I have never made excuses for them and (to quote Samuel L Jackson) "I hope they burn in hell".
What's happeing to chidren
.
The photo of the page from this blog site, in Japanese.
http://c3plamo.slyip.com/blog/archives/2011/06/post_2102.html
http://ex-skf.blogspot.com/2011/06/radiation-in-japan-nosebleed-diarrhea...
Quick translation of the article:
What's happening to children in Koriyama City in Fukushima right now? Nosebleed, diarrhea, lack of energy - "Effect of radiation unknown" says the doctor
Report by Ao Ideta, Tokyo Shinbun, June 16, 2011
On June 12, a non-profit organization called "The Bridge to Chernobyl" (?????????????) held a free clinic in Koriyama City in Fukushima Prefecture, 50 kilometers [west] from Fukushima I Nuclear Power Plant.
Worried about the effect of radiation exposure, 50 families brought their children to see the doctor.
A 39-year-old mother of two told the doctor that her 6-year-old daughter had nosebleed everyday for 3 weeks in April. For 1 week, the daughter bled copiously from both nostrils. The mother said their doctor told her it was just a seasonal allergy from pollen. Her other child, 2-year-old son, had nosebleed from end of April to May.
The pediatrician from The Bridge to Chernobyl, Yurika Hashimoto, told the mother it was hard to determine whether the nosebleed was the result of radiation exposure, but they should have the blood test done for white blood cells. It was important to keep record, the doctor advised.
The family move out temporarily from Koriyama City to Saitama Prefecture after the March 11 earthquake, but came back to Koriyama at the end of March.
The mother said about 10% of pupils at the elementary school have left Koriyama. Each school in Koriyama decides whether to have the pupils drink local milk that the school provide, which tends to concentrate radioactive materials.

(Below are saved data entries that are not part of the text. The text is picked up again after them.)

text \<open>A lift over \<open>S\<close> extends to \<open>S + \<langle>x\<rangle>\<close> by sending \<open>x\<close> to any \<open>e\<close> over \<open>x\<close>
  with \<open>p e = \<sigma> (p x)\<close>; as \<open>p\<close> is prime, \<open>p x\<close> generates \<open>S \<inter> \<langle>x\<rangle>\<close>.\<close>

lemma adjoin_lift_well_defined:
  assumes S: "is_subgroup S" "hom_lift c S \<sigma>" and x: "x \<notin> S" "nmul p x \<in> S" "prime p"
    and e: "emul p e = \<sigma> (nmul p x)"
    and v: "v \<in> S" "v' \<in> S" "v + nmul (k + i) x = v' + nmul i x"
  shows "\<sigma> v \<oplus> emul (k + i) e = \<sigma> v' \<oplus> emul i e"
proof -
  have kx: "nmul k x = v' - v" using v(3) by (simp add: nmul_add_left algebra_simps)
  then have "nmul k x \<in> S" using S(1) v by (simp add: subgroup_diff)
  then have "p dvd k" using coprime_multiple_in_subgroup[OF x(3) _ S(1) x(2)] x(1) by blast
  then obtain q where q: "k = q * p" by (metis dvd_def mult.commute)
  have "emul k e = \<sigma> (nmul q (nmul p x))"
    using hom_lift_nmul[OF S(2,1) x(2)] by (simp add: q emul_mult e)
  also have "\<dots> = \<sigma> (v' - v)" using kx q by (simp add: nmul_mult)
  finally have "emul k e = \<sigma> (v' - v)" .
  moreover have "\<sigma> v \<oplus> \<sigma> (v' - v) = \<sigma> v'"
    using hom_lift_add[OF S(2) v(1), of "v' - v"] S(1) v by (simp add: subgroup_diff)
  ultimately show ?thesis by (metis emul_add_left eadd_assoc)
qed

lemma hom_lift_adjoin:
  assumes S: "is_subgroup S" "hom_lift c S \<sigma>" and x: "x \<notin> S" "nmul p x \<in> S" "prime p"
    and e: "snd e = x" "emul p e = \<sigma> (nmul p x)"
  obtains \<sigma>' where "hom_lift c (adjoin S x) \<sigma>'" "\<forall>v\<in>S. \<sigma>' v = \<sigma> v"
    "\<forall>v\<in>S. \<forall>i. \<sigma>' (v + nmul i x) = \<sigma> v \<oplus> emul i e"
proof -
  have wd: "\<sigma> v \<oplus> emul i e = \<sigma> v' \<oplus> emul i' e"
    if "v \<in> S" "v' \<in> S" "v + nmul i x = v' + nmul i' x" for v v' i i'
  proof (cases "i' \<le> i")
    case True
    then show ?thesis
      using adjoin_lift_well_defined[OF S x e(2), of v v' "i - i'" i'] that by simp
  next
    case False
    then show ?thesis
      using adjoin_lift_well_defined[OF S x e(2), of v' v "i' - i" i] that by simp
  qed
  define \<sigma>' where "\<sigma>' u = (SOME f. \<exists>v i. v \<in> S \<and> u = v + nmul i x \<and> f = \<sigma> v \<oplus> emul i e)" for u
  have val: "\<sigma>' (v + nmul i x) = \<sigma> v \<oplus> emul i e" if "v \<in> S" for v i
  proof -
    have "\<exists>v' i'. v' \<in> S \<and> v + nmul i x = v' + nmul i' x \<and> \<sigma>' (v + nmul i x) = \<sigma> v' \<oplus> emul i' e"
      unfolding \<sigma>'_def by (rule someI_ex) (use that in blast)
    then show ?thesis using wd that by metis
  qed
  have "hom_lift c (adjoin S x) \<sigma>'"
    unfolding hom_lift_def
  proof (intro conjI ballI)
    fix u assume "u \<in> adjoin S x"
    then obtain v i where "v \<in> S" "u = v + nmul i x" by (rule adjoinE)
    then show "snd (\<sigma>' u) = u" using val hom_lift_snd[OF S(2)] e(1) by simp
  next
    fix u w assume "u \<in> adjoin S x" "w \<in> adjoin S x"
    then obtain v i v' i' where v: "v \<in> S" "u = v + nmul i x" "v' \<in> S" "w = v' + nmul i' x"
      by (metis adjoinE)
    have "u + w = (v + v') + nmul (i + i') x" using v by (simp add: nmul_add_left algebra_simps)
    then have "\<sigma>' (u + w) = \<sigma> (v + v') \<oplus> emul (i + i') e"
      using val is_subgroupD(2)[OF S(1) v(1) v(3)] by simp
    also have "\<dots> = (\<sigma> v \<oplus> emul i e) \<oplus> (\<sigma> v' \<oplus> emul i' e)"
      using hom_lift_add[OF S(2) v(1) v(3)] by (simp add: emul_add_left eadd_ac)
    finally show "\<sigma>' (u + w) = \<sigma>' u \<oplus> \<sigma>' w" using val v by simp
  qed
  moreover have "\<forall>v\<in>S. \<sigma>' v = \<sigma> v" using val[of _ 0] by simp
  ultimately show ?thesis using that val by blast
qed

In her daughter's school, it is up to the parents to decide. But the mother said she let the daughter drink milk with other children because the daughter didn't want to get excluded by other children for not drinking milk with them.

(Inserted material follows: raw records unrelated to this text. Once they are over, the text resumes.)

(* Let $\mathbf a=(a_1,\dots,a_k)$ be a sequence of nonnegative integers with $\sum_i a_i=n$. Then for every $\lambda\in\mathbb C$, \[ \left|\Phi_{\mathbf a}^{-1}(D(\mathbf a))\right|=\sum_{\mathbf 0\le \mathbf b\le \mathbf a}(-1)^{\sum_j b_j}\, f_\lambda\Big(n-\sum_j b_j\Big)\prod_{i=1}^k\binom{a_i}{b_i} f_\lambda(b_i), \] where the sum is over all integer vectors $\mathbf b=(b_1,\dots,b_k)$ with $0\le b_i\le a_i$ for all $i$.
   Context: For $\mathbf a=(a_1,\dots,a_k)$ with nonnegative integer entries summing to $n$, put $c_0=0$, $c_j=a_1+\dots+a_j$, and let the $j$-th block be $A_j=\{c_{j-1}+1,\dots,c_j\}$. Let $S_{\mathbf a}\subseteq S_n$ be the set of permutations $\pi$ of $[n]$ with $\pi_i>\pi_{i+1}$ whenever $i,i+1$ lie in the same block. $D(\mathbf a)$ is the set of derangements (permutations with no $i$ such that $\pi_i=i$) in $S_{\mathbf a}$. The map $\Phi_{\mathbf a}:S_n\to S_{\mathbf a}$ sorts the entries in each block into decreasing order (keeping the set of entries in each block); so $\Phi_{\mathbf a}^{-1}(D(\mathbf a))$ is the set of permutations of $[n]$ which become derangements after this sorting. For $\lambda\in\mathbb C$ and $m\ge 0$, $f_\lambda(m)=\sum_{\pi\in S_m}\lambda^{\mathrm{fix}(\pi)}$, where $\mathrm{fix}(\pi)$ is the number of fixed points of $\pi$ (so $f_\lambda(0)=1$, $f_1(m)=m!$, and $f_0(m)$ is the number of derangements of $[m]$). *)

theory Defs
  imports Complex_Main "HOL-Combinatorics.Permutations"
begin

text \<open>Compositions a are nat lists (a_1,...,a_k); blocks are 0-indexed here:
  block j (j < length a) is {c_j + 1 .. c_(j+1)} with c_j = a_1 + ... + a_j.\<close>

definition blk :: "nat list \<Rightarrow> nat \<Rightarrow> nat set" where
  "blk a j = {sum_list (take j a) + 1 .. sum_list (take (Suc j) a)}"

definition S_a :: "nat list \<Rightarrow> (nat \<Rightarrow> nat) set" where
  "S_a a = {p. p permutes {1..sum_list a} \<and>
     (\<forall>i. (\<exists>j<length a. i \<in> blk a j \<and> Suc i \<in> blk a j) \<longrightarrow> p i > p (Suc i))}"

definition derangement_on :: "nat \<Rightarrow> (nat \<Rightarrow> nat) \<Rightarrow> bool" where
  "derangement_on n p \<longleftrightarrow> (\<forall>i\<in>{1..n}. p i \<noteq> i)"

definition D_a :: "nat list \<Rightarrow> (nat \<Rightarrow> nat) set" where
  "D_a a = {p \<in> S_a a. derangement_on (sum_list a) p}"

text \<open>Phi_a: sort the entries of each block into decreasing order.
  Position c_j + t (1 \<le> t \<le> a_(j+1)) receives the t-th largest element of p ` (block j).\<close>
definition Phi :: "nat list \<Rightarrow> (nat \<Rightarrow> nat) \<Rightarrow> (nat \<Rightarrow> nat)" where
  "Phi a p i = (if \<exists>j<length a. i \<in> blk a j
     then (let j = (THE j. j < length a \<and> i \<in> blk a j)
           in rev (sorted_list_of_set (p ` blk a j)) ! (i - sum_list (take j a) - 1))
     else i)"

definition f_lam :: "complex \<Rightarrow> nat \<Rightarrow> complex" where
  "f_lam lam m = (\<Sum>p\<in>{p. p permutes {1..m}}. lam ^ card {i\<in>{1..m}. p i = i})"

end

theory Submission
  imports Defs
begin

A 40-year-old father of a 4-month-old baby daughter was so worried that he never let the daughter go outside, even though she didn't exhibit any ill effect of radiation so far. He said, "I'm so worried. I don't know how to defend ourselves."
I [the reporter of the story] used the radiation monitoring device over the low bush near the place where this event was being held. It measured 2.33 microsieverts/hour. As I raised the device higher, the radiation level went down to 1 microsievert/hour. The highest air radiation measured in Koriyama City was 8.26 microsieverts/hour on March 15. Since middle of May, it has been about 1.3 microsievert/hour.

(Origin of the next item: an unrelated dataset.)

(* Let $d=3$ and $r\in\mathbb{R}^8\setminus\{0\}$ be such that $\cos(3\phi(r))\neq0$, where $\phi(r)\in[-\pi/6,\pi/6]$ is defined by $\sin(3\phi(r))=-\frac{3\sqrt3}{2\|r\|^3}\det(r\cdot\Lambda)$. Then the eigenvalues of $r\cdot\Lambda$ are $\frac{2}{\sqrt3}\|r\|\sin(\phi(r)+2\pi k/3)$, $k=0,1,2$, so that $K_3(r)=\sum_{k=0}^2\exp\{-i\sqrt2\|r\|\sin(\phi(r)+2\pi k/3)\}$, and $$\nabla_rK_3(r)=-3i\sqrt{\tfrac23}\Bigl(F_1(r)\,p(r)+F_2(r)\,\frac{r}{\|r\|}\Bigr),$$ where $p(r)\in\mathbb{R}^8$, $p^{(m)}(r)=\sum_{i,j=1}^8\frac{r_ir_jd_{ijm}}{\|r\|^2}$, and $$F_1(r)=\sum_{k=0}^2\frac{\exp\{-i\sqrt2\|r\|\sin(\phi(r)+2\pi k/3)\}}{1-2\cos(2(\phi(r)+2\pi k/3))},\qquad F_2(r)=\frac{2}{\sqrt3}\sum_{k=0}^2\sin(\phi(r)+2\pi k/3)\frac{\exp\{-i\sqrt2\|r\|\sin(\phi(r)+2\pi k/3)\}}{1-2\cos(2(\phi(r)+2\pi k/3))}.$$
   Context: $\Lambda=(\Lambda_1,\dots,\Lambda_8)$ are the standard Gell-Mann matrices (traceless Hermitian $3\times3$, $\mathrm{tr}(\Lambda_k\Lambda_m)=2\delta_{km}$, $\Lambda_k\Lambda_m=\frac23\delta_{km}\mathbb{I}+\sum_j(d_{kmj}+if_{kmj})\Lambda_j$); the nonzero symmetric structure constants are, up to permutation of indices, $d_{146}=d_{157}=d_{256}=d_{344}=d_{355}=\tfrac12$, $d_{247}=d_{366}=d_{377}=-\tfrac12$, $d_{118}=d_{228}=d_{338}=\tfrac1{\sqrt3}$, $d_{888}=-\tfrac1{\sqrt3}$, $d_{448}=d_{558}=d_{668}=d_{778}=-\tfrac1{2\sqrt3}$. $r\cdot\Lambda=\sum_jr_j\Lambda_j$, $\|r\|$ is the Euclidean norm on $\mathbb{R}^8$, and $K_3(r):=\mathrm{tr}\exp\{-i\sqrt{3/2}\,(r\cdot\Lambda)\}$. *)

theory Defs
  imports "HOL-Analysis.Analysis" "HOL-Library.Numeral_Type"
begin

If you live one year in a place with 1.3 microsievert/hour radiation, the cumulative radiation will exceed 11 millisieverts. [And that's only the external exposure.]
A 40-year-old mother with a 6-year-old son was angry, and said "Doctors, researchers, they all say different things. I don't understand how the evacuation areas are determined. Take Iitate-mura, for example. They just let the villagers get exposed to high radiation for a month, and when the air radiation level got lower they told them to move out. We can't trust the national government, we can't trust Fukushima prefectural government." Her family just built a new house, and she was not sure how they could survive economically if they moved. If they moved, when would they be able to come back? What about cost of moving, or the psychological effect on her child? She just couldn't decide what to do.
Now that all the nasty ARS info is out there
I'm trying to put this into perspective to see if these children should even be capable of having ARS symptoms.
1 Gy = 1 Sv
It was big news when two workers at Fukushima that were exposed to 226.6 -240.8 millisieverts. The stated maximum for the Fukushima workers is 250 millisieverts. Now it's been reported that 6 workers have exceeded that maximum limit. According to the ARS info posted here, you would need 4 times the maximum to get beyond the subclinical phase (<1Gy) and into the sub-syndromes, which start at 1Gy. Does it seem possible that children at any distance from the plant are getting a high enough dose to exceed 1Gy?
Clever Lad
As a mathematical exercise, let us:
ASSUME that half the children in the village HAVE ARS,
ASSUME, the exposures have occurred,
and work the calculations backwards to the environmental conditions
You know, like PRE-Algebra
Commutative, Associative, Distributive, Density & Identity properties
That should not be too difficult for a clever lad that can handle quantum physics. Perhaps the inverse square law will be helpful as we move a radiation source from 1 meter away to 1 micron from a target human cell in bone, blood or thyroid. That is 6 ORDERS of magnitude. The cellular dosage to the cell is multiplied by 12 ORDERS of magnitude (1 million X 1 million). The result is a multipication factor of 1 Trillion for internal exposures versus external exposures.
NEUTRONS
If memory serves the Fukushima core meltdowns created quite a significant airburst radiation storm on or about March 15.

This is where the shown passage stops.